--- The input ---
(* Let $t\ge 2$, let $n_1,\dots,n_t$ be positive integers, and let $G=K_{n_1,\dots,n_t}$ be the complete $t$-partite graph with partite sets $V_1,\dots,V_t$, $|V_i|=n_i$. Let $N_t=\{1,\dots,t\}$ and $f(I)=\sum_{i\in I}n_i$ for $I\subseteq N_t$. Let $p$ be a positive integer with $f(N_t)>p$. Let $D$ be an optimal $\gamma_p(G)$-set, let $\ell=\min\{|D_i|: i\in N_t\setminus I_D\}$ and $A=\{i\in N_t\setminus I_D: |D_i|=\ell+1\}$. Then $|A|=0$ or $2\le |A|\le t-|I_D|-1$.
   Context: A set $S\subseteq V(G)$ is a $p$-dominating set of $G$ if every vertex $v\in V(G)\setminus S$ has at least $p$ neighbors in $S$. The $p$-domination number $\gamma_p(G)$ is the minimum cardinality of a $p$-dominating set of $G$, and a $\gamma_p(G)$-set is a $p$-dominating set of cardinality $\gamma_p(G)$. For $D\subseteq V(G)$ write $D_i=V_i\cap D$ for $i\in N_t$ and $I_D=\{i\in N_t: |D_i|=|V_i|\}$. For a $\gamma_p(G)$-set $D$ with $|I_D|<t$ define $$\mu(D)=\sum_{i\in N_t\setminus I_D}\left|\,|D_i|-\frac{|D|-f(I_D)}{t-|I_D|}\right|.$$ A $\gamma_p(G)$-set $D$ is optimal if: (1) $f(I_D)<p$; (2) $|I_D|\ge |I_S|$ for every $\gamma_p(G)$-set $S$; (3) $\mu(D)\le\mu(S)$ for every $\gamma_p(G)$-set $S$ with $I_S=I_D$. (For an optimal $D$, $N_t\setminus I_D\neq\emptyset$ and every $|D_i|$, $i\in N_t\setminus I_D$, equals $\ell$ or $\ell+1$; the paper defines $A$ as the set of those $i$ with $|D_i|=\ell+1$, which is empty when all these values equal $\ell$.) *)

theory Defs
  imports Complex_Main
begin

definition Nt :: "nat \<Rightarrow> nat set" where
  "Nt t = {1..t}"

definition part :: "(nat \<Rightarrow> nat) \<Rightarrow> nat \<Rightarrow> (nat \<times> nat) set" where
  "part n i = {(i, x) | x. x < n i}"

definition verts :: "(nat \<Rightarrow> nat) \<Rightarrow> nat \<Rightarrow> (nat \<times> nat) set" where
  "verts n t = (\<Union>i\<in>Nt t. part n i)"

definition adj :: "nat \<times> nat \<Rightarrow> nat \<times> nat \<Rightarrow> bool" where
  "adj u v \<longleftrightarrow> fst u \<noteq> fst v"

definition fsum :: "(nat \<Rightarrow> nat) \<Rightarrow> nat set \<Rightarrow> nat" where
  "fsum n I = (\<Sum>i\<in>I. n i)"

definition p_dominating :: "(nat \<Rightarrow> nat) \<Rightarrow> nat \<Rightarrow> nat \<Rightarrow> (nat \<times> nat) set \<Rightarrow> bool" where
  "p_dominating n t p S \<longleftrightarrow> S \<subseteq> verts n t \<and>
     (\<forall>v \<in> verts n t - S. card {u \<in> S. adj u v} \<ge> p)"

definition gamma_p :: "(nat \<Rightarrow> nat) \<Rightarrow> nat \<Rightarrow> nat \<Rightarrow> nat" where
  "gamma_p n t p = Min {card S | S. p_dominating n t p S}"

definition gamma_p_set :: "(nat \<Rightarrow> nat) \<Rightarrow> nat \<Rightarrow> nat \<Rightarrow> (nat \<times> nat) set \<Rightarrow> bool" where
  "gamma_p_set n t p S \<longleftrightarrow> p_dominating n t p S \<and> card S = gamma_p n t p"

definition Dpart :: "(nat \<times> nat) set \<Rightarrow> nat \<Rightarrow> (nat \<times> nat) set" where
  "Dpart D i = {v \<in> D. fst v = i}"

definition ID :: "(nat \<Rightarrow> nat) \<Rightarrow> nat \<Rightarrow> (nat \<times> nat) set \<Rightarrow> nat set" where
  "ID n t D = {i \<in> Nt t. card (Dpart D i) = n i}"

definition mu :: "(nat \<Rightarrow> nat) \<Rightarrow> nat \<Rightarrow> (nat \<times> nat) set \<Rightarrow> real" where
  "mu n t D = (\<Sum>i \<in> Nt t - ID n t D.
      \<bar>real (card (Dpart D i)) -
        (real (card D) - real (fsum n (ID n t D))) / (real t - real (card (ID n t D)))\<bar>)"
(* For every $\varphi\in C(\partial X)$ and every $z\in\overline X$ the integral $\mathcal I'_{(o)}[\varphi](z)=\int_{\partial X}\varphi(\xi)\langle\xi,z\rangle_o\,d\mu_o(\xi)$ converges absolutely, the function $\mathcal I'_{(o)}[\varphi]$ is continuous on $\overline X$, and there is a constant $C$ (independent of $\varphi$) with $\sup_{z\in\overline X}|\mathcal I'_{(o)}[\varphi](z)|\le C\|\varphi\|_\infty$. Thus $\mathcal I'_{(o)}:C(\partial X)\to C(\overline X)$ is a well-defined bounded operator.
   Context: Let $(X,d)$ be a proper geodesic CAT(-1) space, $\partial X$ its Gromov boundary, $\overline X=X\cup\partial X$ with its compact topology. For $x\in X$, $\langle y,z\rangle_x=\frac12(d(y,x)+d(z,x)-d(y,z))$ is the Gromov product, extended continuously to $\overline X$ with values in $[0,+\infty]$. $b_\xi(x,y)=\lim_{t\to\infty}(d(x,\xi_t)-d(y,\xi_t))$ is the Busemann cocycle. Let $G$ be a discrete, non-elementary, convex-cocompact group of isometries of $X$ (acting cocompactly on the union $\mathcal Q(\Lambda(G))$ of geodesics with both endpoints in its limit set $\Lambda(G)=\overline{G.o}\cap\partial X$), $\delta\in(0,\infty)$ its critical exponent and $(\mu_x)_{x\in X}$ its Patterson–Sullivan density: probability measures on $\partial X$ supported on $\Lambda(G)$ with $g_*\mu_x=\mu_{g.x}$ and $\frac{d\mu_x}{d\mu_y}(\xi)=e^{-\delta b_\xi(x,y)}$. Fix $o\in\mathcal Q(\Lambda(G))$. *)

theory Defs
  imports "HOL-Analysis.Analysis" "HOL-Probability.Probability"
begin

definition geodesic_seg :: "(real \<Rightarrow> 'a::metric_space) \<Rightarrow> 'a \<Rightarrow> 'a \<Rightarrow> bool" where
  "geodesic_seg c x y \<longleftrightarrow> c 0 = x \<and> c (dist x y) = y \<and>
     (\<forall>s\<in>{0..dist x y}. \<forall>t\<in>{0..dist x y}. dist (c s) (c t) = \<bar>s - t\<bar>)"

definition proper_metric :: "'a::metric_space itself \<Rightarrow> bool" where
  "proper_metric _ \<longleftrightarrow> (\<forall>x::'a. \<forall>r. compact (cball x r))"

definition geodesic_metric :: "'a::metric_space itself \<Rightarrow> bool" where
  "geodesic_metric _ \<longleftrightarrow> (\<forall>x y::'a. \<exists>c. geodesic_seg c x y)"
lemma powr_kernel_triangle_integrable:
  fixes G :: "real \<Rightarrow> real" and a \<alpha> :: real
  assumes "0 < \<alpha>" and G_int: "integrable lborel G"
    and wG_int: "integrable lborel (\<lambda>p. (a - p) powr (-\<alpha>) * G p)"
    and support: "\<And>p. G p \<noteq> 0 \<Longrightarrow> 0 \<le> p \<and> p < a"
  shows "integrable (lborel \<Otimes>\<^sub>M lborel)
           (\<lambda>(p, s). if 0 \<le> s \<and> s \<le> p then \<alpha> * (a - s) powr (-\<alpha>-1) * G p else 0)"
proof (rule lborel_pair.Fubini_integrable)
  have [measurable]: "G \<in> borel_measurable lborel"
    using G_int by auto
  show "(\<lambda>(p, s). if 0 \<le> s \<and> s \<le> p then \<alpha> * (a - s) powr (-\<alpha>-1) * G p else 0)
      \<in> borel_measurable (lborel \<Otimes>\<^sub>M lborel)"
    by measurable
  show "AE p in lborel. integrable lborel
      (\<lambda>s. case (p, s) of (p, s) \<Rightarrow> if 0 \<le> s \<and> s \<le> p then \<alpha> * (a - s) powr (-\<alpha>-1) * G p else 0)"
    using powr_kernel_section_integral(1)[OF support] by simp
  have "\<bar>if 0 \<le> s \<and> s \<le> p then \<alpha> * (a - s) powr (-\<alpha>-1) * G p else 0\<bar>
      = (if 0 \<le> s \<and> s \<le> p then \<alpha> * (a - s) powr (-\<alpha>-1) * \<bar>G p\<bar> else 0)" for p s
    using assms(1) by (simp add: abs_mult)
  then have norm_integral:
    "(\<integral>s. \<bar>if 0 \<le> s \<and> s \<le> p then \<alpha> * (a - s) powr (-\<alpha>-1) * G p else 0\<bar> \<partial>lborel)
      = \<bar>G p\<bar> * ((a - p) powr (-\<alpha>) - a powr (-\<alpha>))" for p
    using powr_kernel_section_integral(2)[of "\<bar>G p\<bar>" p a \<alpha>] support[of p] by simp
  have "integrable lborel (\<lambda>p. \<bar>(a - p) powr (-\<alpha>) * G p\<bar> - a powr (-\<alpha>) * \<bar>G p\<bar>)"
    using wG_int G_int
    by (intro Bochner_Integration.integrable_diff integrable_abs integrable_mult_right)
  then show "integrable lborel (\<lambda>p. \<integral>s. norm (case (p, s) of (p, s) \<Rightarrow>
      if 0 \<le> s \<and> s \<le> p then \<alpha> * (a - s) powr (-\<alpha>-1) * G p else 0) \<partial>lborel)"
    by (simp add: norm_integral abs_mult algebra_simps)
qed
lemma finite_face_walks: "finite face_walks"
proof (rule inj_on_finite[OF branch_key_inj])
  let ?L = "{x. larr x \<in> qarrs Qb}"
  let ?K = "qverts Qb \<times> insert None (Some ` (insert None (Some ` ?L) \<times> ?L))"
  show "branch_key ` face_walks \<subseteq> ?K"
  proof (rule image_subsetI)
    fix w assume w: "w \<in> face_walks"
    have letter: "snd w ! k \<in> ?L" if "k < length (snd w)" for k
      using is_string_arr[OF face_walks_string[OF w] that] by simp
    have "snd w ! last_branch w \<in> ?L" "snd w ! (last_branch w - 1) \<in> ?L"
      if "branches_at w k" for k
      using letter branches_at_length last_branch(1)[OF that] by (simp_all add: less_imp_diff_less)
    then show "branch_key w \<in> ?K"
      using is_string_start[OF face_walks_string[OF w]] unfolding branch_key_def by auto
  qed
  show "finite ?K"
    using gentle_Qb finite_letters[of "qarrs Qb"] by (simp add: gentle_def)
qed

lemma finite_face: "finite F"
proof (rule finite_surj[OF finite_face_walks])
  show "F \<subseteq> (\<lambda>w. {w, winv Qb w}) ` face_walks"
  proof
    fix c assume c: "c \<in> F"
    then obtain w where cw: "c = {w, winv Qb w}" and "is_walk Qb w"
      using face by (auto simp: nk_faces_def walks_def)
    then have "w \<in> face_walks" using c by (auto simp: face_walks_def)
    then show "c \<in> (\<lambda>w. {w, winv Qb w}) ` face_walks" using cw by blast
  qed
qed

end

theorem proposition4p15:
  fixes Q Qb :: "('v, 'a) bquiver" and F :: "('v, 'a) word set set"
  assumes "gentle Q"
    and "blossoming Q Qb"
    and "F \<in> nk_faces Q Qb"
  shows "finite F"
proof -
  interpret nk_face Q Qb F using assms by unfold_locales
  show ?thesis by (rule finite_face)
qed

end
(* Let $q>1$, $p=\frac{q}{q-1}$, and assume Hypothesis (H$_q$). Then for all $x\in[a,b]$ and $\theta>0$, $$\Big|\frac{(x-a)^\theta f(ma)+(b-x)^\theta f(mb)}{b-a}-\frac{\Gamma(\theta+1)}{m^\theta(b-a)}\Big[J^\theta_{(mx)^-}f(ma)+J^\theta_{(mx)^+}f(mb)\Big]\Big|$$ $$\le\frac{m\big(\frac1\theta\beta(p+1,\frac1\theta)\big)^{\frac1p}}{b-a}\Big\{(x-a)^{\theta+1}\Big(\frac{|f'(mx)|^q+\alpha m|f'(a)|^q}{\alpha+1}\Big)^{\frac1q}+(b-x)^{\theta+1}\Big(\frac{|f'(mx)|^q+\alpha m|f'(b)|^q}{\alpha+1}\Big)^{\frac1q}\Big\}.$$
   Context: Let $\Gamma$ denote Euler's Gamma function and $\beta(u,v)=\int_0^1t^{u-1}(1-t)^{v-1}dt$ the Beta function. For $\theta>0$ and $x\in[a,b]$: $J^\theta_{(mx)^-}f(ma)=\frac{1}{\Gamma(\theta)}\int_{ma}^{mx}(s-ma)^{\theta-1}f(s)\,ds$ and $J^\theta_{(mx)^+}f(mb)=\frac{1}{\Gamma(\theta)}\int_{mx}^{mb}(mb-s)^{\theta-1}f(s)\,ds$ (each equal to $0$ if its interval of integration is degenerate). $(\alpha,m)$-convexity: for $(\alpha,m)\in[0,1]\times(0,1]$ and an interval $K\subseteq[0,\infty)$, a function $g:K\to\mathbb{R}$ is $(\alpha,m)$-convex on $K$ if $g(tX+m(1-t)Y)\le t^\alpha g(X)+m(1-t^\alpha)g(Y)$ for all $X,Y\in K$ and $t\in[0,1]$ with $tX+m(1-t)Y\in K$ (convention $0^0=1$). Hypothesis (H$_q$): $I\subseteq[0,\infty)$ is an interval, $f:I\to\mathbb{R}$ is differentiable on the interior $I^\circ$, $m\in(0,1]$, $\alpha\in[0,1]$, $a<b$ with $ma,b\in I^\circ$, $f'$ is Lebesgue integrable on $[ma,mb]$, and $|f'|^q$ is $(\alpha,m)$-convex on $[ma,b]$. *)

theory Defs
  imports "HOL-Analysis.Analysis"
begin

text \<open>Real power with the convention 0^0 = 1 (Isabelle's powr has 0 powr 0 = 0).\<close>
definition pow00 :: "real \<Rightarrow> real \<Rightarrow> real" where
  "pow00 t s = (if t = 0 \<and> s = 0 then 1 else t powr s)"

definition alpha_m_convex :: "real \<Rightarrow> real \<Rightarrow> real set \<Rightarrow> (real \<Rightarrow> real) \<Rightarrow> bool" where
  "alpha_m_convex \<alpha> m K g \<longleftrightarrow>
     (\<forall>X\<in>K. \<forall>Y\<in>K. \<forall>t\<in>{0..1}. t * X + m * (1 - t) * Y \<in> K \<longrightarrow>
        g (t * X + m * (1 - t) * Y) \<le> pow00 t \<alpha> * g X + m * (1 - pow00 t \<alpha>) * g Y)"

text \<open>Left Riemann-Liouville type integral J^theta_{(mx)^-} f(ma) and right one J^theta_{(mx)^+} f(mb).\<close>
definition J_left :: "real \<Rightarrow> (real \<Rightarrow> real) \<Rightarrow> real \<Rightarrow> real \<Rightarrow> real" where
  "J_left \<theta> f lo up = (1 / Gamma \<theta>) * (LINT s:{lo..up}|lborel. (s - lo) powr (\<theta> - 1) * f s)"

definition J_right :: "real \<Rightarrow> (real \<Rightarrow> real) \<Rightarrow> real \<Rightarrow> real \<Rightarrow> real" where
  "J_right \<theta> f lo up = (1 / Gamma \<theta>) * (LINT s:{lo..up}|lborel. (up - s) powr (\<theta> - 1) * f s)"

end

theory Submission
  imports Defs
begin

text \<open>
  Integration by parts turns \<open>(mx - ma)\<^sup>\<theta> f(ma) - \<Gamma>(\<theta> + 1) J\<^sup>\<theta>\<^sub>(\<^sub>m\<^sub>x\<^sub>)\<^sub>- f(ma)\<close>
  into \<open>\<integral> ((s - ma)\<^sup>\<theta> - (mx - ma)\<^sup>\<theta>) f'(s) ds\<close> over \<open>[ma, mx]\<close>, and the reflection
  \<open>s \<mapsto> -s\<close> turns the right-sided fractional integral into a left-sided one.
  Hoelder's inequality bounds such an integral by the \<open>p\<close>-norm of the kernel, a Beta integral after
  the substitution \<open>s = ma + (mx - ma) w\<^sup>1\<^sup>/\<^sup>\<theta>\<close>, times the \<open>q\<close>-norm of \<open>f'\<close>.
  By \<open>(\<alpha>, m)\<close>-convexity, \<open>|f'|\<^sup>q\<close> lies below the interpolation
  \<open>t\<^sup>\<alpha> |f'(mx)|\<^sup>q + m (1 - t\<^sup>\<alpha>) |f'(a)|\<^sup>q\<close>, whose mean over \<open>t \<in> [0, 1]\<close> is
  \<open>(|f'(mx)|\<^sup>q + \<alpha> m |f'(a)|\<^sup>q) / (\<alpha> + 1)\<close>.
\<close>

lemma has_integral_Beta_kernel:
  fixes \<theta> p :: real
  assumes "\<theta> > 0" "p > 0"
  shows "((\<lambda>t. (1 - t powr \<theta>) powr p) has_integral Beta (p + 1) (1 / \<theta>) / \<theta>) {0..1}"
proof -
  let ?f = "\<lambda>t. (1 - t powr \<theta>) powr p"
  let ?g = "\<lambda>w. w powr (1 / \<theta>)"
  have fc: "continuous_on {0..1} ?f"
    using assms by (intro continuous_on_powr' continuous_intros) (auto intro!: powr_le1)
  have gc: "continuous_on {0..1} ?g"
    using assms by (intro continuous_on_powr' continuous_intros) auto
  have sub: "?g ` {0..1} \<subseteq> {0..1}"
    using assms by (auto intro!: powr_le1)
  have der: "(?g has_field_derivative (1 / \<theta>) * w powr (1 / \<theta> - 1)) (at w within {0..1})"
    if "w \<in> {0..1} - {0}" for w
  proof -
    have "w > 0" using that by auto
    from has_real_derivative_powr[OF this, of "1 / \<theta>"] show ?thesis
      by (auto intro: has_field_derivative_at_within)
  qed
  have "((\<lambda>w. ((1 / \<theta>) * w powr (1 / \<theta> - 1)) *\<^sub>R ?f (?g w))
           has_integral integral {?g 0..?g 1} ?f) {0..1}"
    by (rule has_integral_substitution_strong[where s="{0}", OF _ _ _ sub fc gc der]) (use assms in auto)
  then have h1: "((\<lambda>w. ((1 / \<theta>) * w powr (1 / \<theta> - 1)) *\<^sub>R ?f (?g w))
                    has_integral integral {0..1} ?f) {0..1}"
    using assms by simp
  have eq: "((1 / \<theta>) * w powr (1 / \<theta> - 1)) *\<^sub>R ?f (?g w)
              = (1 / \<theta>) * (w powr (1 / \<theta> - 1) * (1 - w) powr (p + 1 - 1))"
    if "w \<in> {0..1}" for w
    using that assms by (simp add: powr_powr)
  have h2: "((\<lambda>w. (1 / \<theta>) * (w powr (1 / \<theta> - 1) * (1 - w) powr (p + 1 - 1)))
              has_integral (1 / \<theta>) * Beta (1 / \<theta>) (p + 1)) {0..1}"
    using assms by (intro has_integral_mult_right has_integral_Beta_real) auto
  have "integral {0..1} ?f = Beta (p + 1) (1 / \<theta>) / \<theta>"
    using has_integral_unique[OF has_integral_eq[OF eq h1] h2] by (simp add: Beta_commute)
  moreover have "?f integrable_on {0..1}"
    using fc integrable_continuous_real by blast
  ultimately show ?thesis
    by (metis has_integral_integrable_integral)
qed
---
- Assigned task -
Once the line with "t = (\<Union>i\<in>Nt" is found in the records above, print exactly that line and every line after it through the line with "I = (\<Sum>i\<in>I.".

- Task solution -
  "verts n t = (\<Union>i\<in>Nt t. part n i)"

definition adj :: "nat \<times> nat \<Rightarrow> nat \<times> nat \<Rightarrow> bool" where
  "adj u v \<longleftrightarrow> fst u \<noteq> fst v"

definition fsum :: "(nat \<Rightarrow> nat) \<Rightarrow> nat set \<Rightarrow> nat" where
  "fsum n I = (\<Sum>i\<in>I. n i)"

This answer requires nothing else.